lemma msd_term_partial_fractions:
  fixes a \<alpha> \<rho> :: real
  assumes a: "a \<noteq> 0" and poles: "\<rho> \<noteq> \<alpha> + 1 / a" "\<rho> \<noteq> \<alpha> - 1 / a"
  shows "\<rho>\<^sup>2 / (1 - a\<^sup>2 * (\<rho> - \<alpha>)\<^sup>2)
      = - 1 / a\<^sup>2 + (1 + a * \<alpha>)\<^sup>2 / (2 * a ^ 3) / ((\<alpha> + 1 / a) - \<rho>)
        + (- (1 - a * \<alpha>)\<^sup>2 / (2 * a ^ 3)) / ((\<alpha> - 1 / a) - \<rho>)"
    and "(2 * (1 - \<alpha>\<^sup>2 * a\<^sup>2) * \<rho> + 2 * a\<^sup>2 * \<alpha> * \<rho>\<^sup>2) / (1 - a\<^sup>2 * (\<rho> - \<alpha>)\<^sup>2)\<^sup>2
      = (1 + a * \<alpha>)\<^sup>2 / (2 * a ^ 3) / ((\<alpha> + 1 / a) - \<rho>)\<^sup>2
        + (- (1 - a * \<alpha>)\<^sup>2 / (2 * a ^ 3)) / ((\<alpha> - 1 / a) - \<rho>)\<^sup>2"
proof -
  define p where "p = 1 - a * (\<rho> - \<alpha>)"
  define q where "q = 1 + a * (\<rho> - \<alpha>)"
  have "p \<noteq> 0" using a poles(1) unfolding p_def by (auto simp: field_simps)
  moreover have "q \<noteq> 0" using a poles(2) unfolding q_def by (auto simp: field_simps)
  moreover have "q = 2 - p" unfolding p_def q_def by simp
  ultimately have pq: "(\<alpha> + (1 - p) / a)\<^sup>2 / (p * q)
      = - 1 / a\<^sup>2 + (1 + a * \<alpha>)\<^sup>2 / (2 * a ^ 3) / (p / a) + (- (1 - a * \<alpha>)\<^sup>2 / (2 * a ^ 3)) / (- q / a)"
    "(2 * (1 - \<alpha>\<^sup>2 * a\<^sup>2) * (\<alpha> + (1 - p) / a) + 2 * a\<^sup>2 * \<alpha> * (\<alpha> + (1 - p) / a)\<^sup>2) / (p * q)\<^sup>2
      = (1 + a * \<alpha>)\<^sup>2 / (2 * a ^ 3) / (p / a)\<^sup>2 + (- (1 - a * \<alpha>)\<^sup>2 / (2 * a ^ 3)) / (- q / a)\<^sup>2"
    using msd_term_partial_fractions_pq[OF a] by blast+
  have \<rho>: "\<alpha> + (1 - p) / a = \<rho>" and den: "1 - a\<^sup>2 * (\<rho> - \<alpha>)\<^sup>2 = p * q"
    and gaps: "(\<alpha> + 1 / a) - \<rho> = p / a" "(\<alpha> - 1 / a) - \<rho> = - q / a"
    using a unfolding p_def q_def by (simp_all add: field_simps power2_eq_square)
  from pq(1) show "\<rho>\<^sup>2 / (1 - a\<^sup>2 * (\<rho> - \<alpha>)\<^sup>2)
      = - 1 / a\<^sup>2 + (1 + a * \<alpha>)\<^sup>2 / (2 * a ^ 3) / ((\<alpha> + 1 / a) - \<rho>)
        + (- (1 - a * \<alpha>)\<^sup>2 / (2 * a ^ 3)) / ((\<alpha> - 1 / a) - \<rho>)"
    unfolding \<rho> den gaps .
  from pq(2) show "(2 * (1 - \<alpha>\<^sup>2 * a\<^sup>2) * \<rho> + 2 * a\<^sup>2 * \<alpha> * \<rho>\<^sup>2) / (1 - a\<^sup>2 * (\<rho> - \<alpha>)\<^sup>2)\<^sup>2
      = (1 + a * \<alpha>)\<^sup>2 / (2 * a ^ 3) / ((\<alpha> + 1 / a) - \<rho>)\<^sup>2
        + (- (1 - a * \<alpha>)\<^sup>2 / (2 * a ^ 3)) / ((\<alpha> - 1 / a) - \<rho>)\<^sup>2"
    unfolding \<rho> den gaps .
qed

lemma sum_list_msd_term_partial_fractions:
  fixes a \<alpha> :: real and L :: "real list"
  assumes a: "a \<noteq> 0" and poles: "\<alpha> + 1 / a \<notin> set L" "\<alpha> - 1 / a \<notin> set L"
  shows "(\<Sum>l\<leftarrow>L. l\<^sup>2 / (1 - a\<^sup>2 * (l - \<alpha>)\<^sup>2))
      = real (length L) * (- 1 / a\<^sup>2)
        + (1 + a * \<alpha>)\<^sup>2 / (2 * a ^ 3) * (\<Sum>l\<leftarrow>L. 1 / ((\<alpha> + 1 / a) - l))
        + (- (1 - a * \<alpha>)\<^sup>2 / (2 * a ^ 3)) * (\<Sum>l\<leftarrow>L. 1 / ((\<alpha> - 1 / a) - l))"
  using poles
proof (induction L)
  case (Cons l L)
  let ?A = "(1 + a * \<alpha>)\<^sup>2 / (2 * a ^ 3)" and ?B = "- (1 - a * \<alpha>)\<^sup>2 / (2 * a ^ 3)"
  have "l \<noteq> \<alpha> + 1 / a" "l \<noteq> \<alpha> - 1 / a" using Cons.prems by auto
  then have head: "l\<^sup>2 / (1 - a\<^sup>2 * (l - \<alpha>)\<^sup>2)
      = - 1 / a\<^sup>2 + ?A * (1 / ((\<alpha> + 1 / a) - l)) + ?B * (1 / ((\<alpha> - 1 / a) - l))"
    using msd_term_partial_fractions(1)[OF a] by simp
  have step: "\<And>g G k A B t s S T (n :: real). g = k + A * t + B * s \<Longrightarrow> G = n * k + A * S + B * T \<Longrightarrow>
      g + G = (n + 1) * k + A * (t + S) + B * (s + T)" by (simp add: algebra_simps)
  have "(\<Sum>l\<leftarrow>l # L. l\<^sup>2 / (1 - a\<^sup>2 * (l - \<alpha>)\<^sup>2))
      = l\<^sup>2 / (1 - a\<^sup>2 * (l - \<alpha>)\<^sup>2) + (\<Sum>l\<leftarrow>L. l\<^sup>2 / (1 - a\<^sup>2 * (l - \<alpha>)\<^sup>2))"
    by simp
  also have "\<dots> = (real (length L) + 1) * (- 1 / a\<^sup>2)
      + ?A * (1 / ((\<alpha> + 1 / a) - l) + (\<Sum>l\<leftarrow>L. 1 / ((\<alpha> + 1 / a) - l)))
      + ?B * (1 / ((\<alpha> - 1 / a) - l) + (\<Sum>l\<leftarrow>L. 1 / ((\<alpha> - 1 / a) - l)))"
    using Cons by (intro step[OF head]) auto
  finally show ?case by (simp only: list.map sum_list.Cons list.size(4) of_nat_add) simp
qed simp

lemma msd_tilde_eq_inverse_root_gaps:
  assumes a: "a \<noteq> 0" and split: "char_poly M = (\<Prod>r\<leftarrow>L. [:-r, 1:])" and len: "length L = N"
    and poles: "\<alpha> + 1 / a \<notin> set L" "\<alpha> - 1 / a \<notin> set L"
  shows "msd_tilde N a sr sw M \<alpha> = sr\<^sup>2 / (1 - a\<^sup>2 * (1 - \<alpha>)\<^sup>2)
      + a\<^sup>2 * \<alpha>\<^sup>2 * sw\<^sup>2 / real N * (real N * (- 1 / a\<^sup>2)
        + (1 + a * \<alpha>)\<^sup>2 / (2 * a ^ 3) * (\<Sum>l\<leftarrow>L. 1 / ((\<alpha> + 1 / a) - l))
        + (- (1 - a * \<alpha>)\<^sup>2 / (2 * a ^ 3)) * (\<Sum>l\<leftarrow>L. 1 / ((\<alpha> - 1 / a) - l)))"
proof -
  have "eigs M = mset L" unfolding eigs_def split by (rule proots_prod_linear)
  then have "sum_mset (image_mset (\<lambda>l. a\<^sup>2 * \<alpha>\<^sup>2 * sw\<^sup>2 * l\<^sup>2 / (1 - a\<^sup>2 * (l - \<alpha>)\<^sup>2)) (eigs M))
      = a\<^sup>2 * \<alpha>\<^sup>2 * sw\<^sup>2 * (\<Sum>l\<leftarrow>L. l\<^sup>2 / (1 - a\<^sup>2 * (l - \<alpha>)\<^sup>2))"
    by (simp add: mset_map[symmetric] sum_mset_sum_list sum_list_const_mult[symmetric] mult.assoc del: mset_map)
  then show ?thesis
    unfolding msd_tilde_def sum_list_msd_term_partial_fractions[OF a poles] len by simp
qed

lemma hk_eq:
  assumes vk: "vk \<in> carrier_vec N" and ij: "i < N" "j < N" "i \<noteq> j"
  shows "hk N a \<alpha> \<epsilon> l vk i j = - (\<epsilon> * (vk $ i - vk $ j)\<^sup>2)
      * ((2 * (1 - \<alpha>\<^sup>2 * a\<^sup>2) * l + 2 * a\<^sup>2 * \<alpha> * l\<^sup>2) / (1 - a\<^sup>2 * (l - \<alpha>)\<^sup>2)\<^sup>2)"
  unfolding hk_def zk_def quadratic_form_deltaP[OF vk ij] by simp

lemma not_pole_if_stable:
  fixes a \<alpha> l :: real
  assumes "\<bar>a * (l - \<alpha>)\<bar> < 1" "a \<noteq> 0"
  shows "l \<noteq> \<alpha> + 1 / a" and "l \<noteq> \<alpha> - 1 / a"
proof -
  have "a * ((\<alpha> + 1 / a) - \<alpha>) = 1" "a * ((\<alpha> - 1 / a) - \<alpha>) = - 1"
    using assms(2) by (simp_all add: field_simps)
  then show "l \<noteq> \<alpha> + 1 / a" "l \<noteq> \<alpha> - 1 / a" using assms(1) by auto
qed

section \<open>Perturbation by a new edge\<close>

lemma Min_image_mono:
  fixes f g :: "'a \<Rightarrow> 'b :: linorder"
  assumes "finite A" "A \<noteq> {}" "\<And>x. x \<in> A \<Longrightarrow> g x \<le> f x"
  shows "Min (g ` A) \<le> Min (f ` A)"
proof -
  have "Min (f ` A) \<in> f ` A" using assms(1,2) by (intro Min_in) auto
  then obtain x where "x \<in> A" "Min (f ` A) = f x" by auto
  then show ?thesis using assms by (metis Min_le finite_imageI image_eqI order_trans)
qed

context orthonormal_eigenbasis
begin

lemma transpose_update_eq_self: "(P + \<epsilon> \<cdot>\<^sub>m deltaP N i j)\<^sup>T = P + \<epsilon> \<cdot>\<^sub>m deltaP N i j"
proof (rule eq_matI)
  fix r s assume "r < dim_row (P + \<epsilon> \<cdot>\<^sub>m deltaP N i j)" "s < dim_col (P + \<epsilon> \<cdot>\<^sub>m deltaP N i j)"
  then have "r < N" "s < N" using carrier deltaP_carrier[of N i j] by auto
  then show "(P + \<epsilon> \<cdot>\<^sub>m deltaP N i j)\<^sup>T $$ (r, s) = (P + \<epsilon> \<cdot>\<^sub>m deltaP N i j) $$ (r, s)"
    using carrier deltaP_carrier[of N i j] by (simp add: index_deltaP spectral_decomposition mult_ac)
qed (use carrier deltaP_carrier[of N i j] in auto)

lemma sum_hk_eq:
  assumes a: "a \<noteq> 0" and stable: "\<forall>k<N. \<bar>a * (lam k - \<alpha>)\<bar> < 1"
    and ij: "i < N" "j < N" "i \<noteq> j"
  shows "(\<Sum>k<N. hk N a \<alpha> \<epsilon> (lam k) (v k) i j)
      = - \<epsilon> * ((1 + a * \<alpha>)\<^sup>2 / (2 * a ^ 3) * resolvent_sq_form (\<alpha> + 1 / a) i j
               + (- (1 - a * \<alpha>)\<^sup>2 / (2 * a ^ 3)) * resolvent_sq_form (\<alpha> - 1 / a) i j)"
proof -
  let ?A = "(1 + a * \<alpha>)\<^sup>2 / (2 * a ^ 3)" and ?B = "- (1 - a * \<alpha>)\<^sup>2 / (2 * a ^ 3)"
  have "hk N a \<alpha> \<epsilon> (lam k) (v k) i j
      = - \<epsilon> * (?A * ((v k $ i - v k $ j) / ((\<alpha> + 1 / a) - lam k))\<^sup>2
               + ?B * ((v k $ i - v k $ j) / ((\<alpha> - 1 / a) - lam k))\<^sup>2)" if "k < N" for k
    unfolding hk_eq[OF eigvec_carrier[OF that] ij]
      msd_term_partial_fractions(2)[OF a not_pole_if_stable[OF stable[rule_format, OF that] a]]
    by (simp add: power_divide algebra_simps)
  then have "(\<Sum>k<N. hk N a \<alpha> \<epsilon> (lam k) (v k) i j)
      = (\<Sum>k<N. - \<epsilon> * (?A * ((v k $ i - v k $ j) / ((\<alpha> + 1 / a) - lam k))\<^sup>2
               + ?B * ((v k $ i - v k $ j) / ((\<alpha> - 1 / a) - lam k))\<^sup>2))"
    by simp
  then show ?thesis
    unfolding resolvent_sq_form_def by (simp only: sum.distrib sum_distrib_left[symmetric])
qed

▸ YOUR TASK: For this exercise, output exactly the lines above from the line with "a\<^sup>2 + ?A" to the line with "using msd_term_partial_fractions(1)[OF a]", counting both, and leave out the rest.

▸ ANSWER SECTION:
      = - 1 / a\<^sup>2 + ?A * (1 / ((\<alpha> + 1 / a) - l)) + ?B * (1 / ((\<alpha> - 1 / a) - l))"
    using msd_term_partial_fractions(1)[OF a] by simp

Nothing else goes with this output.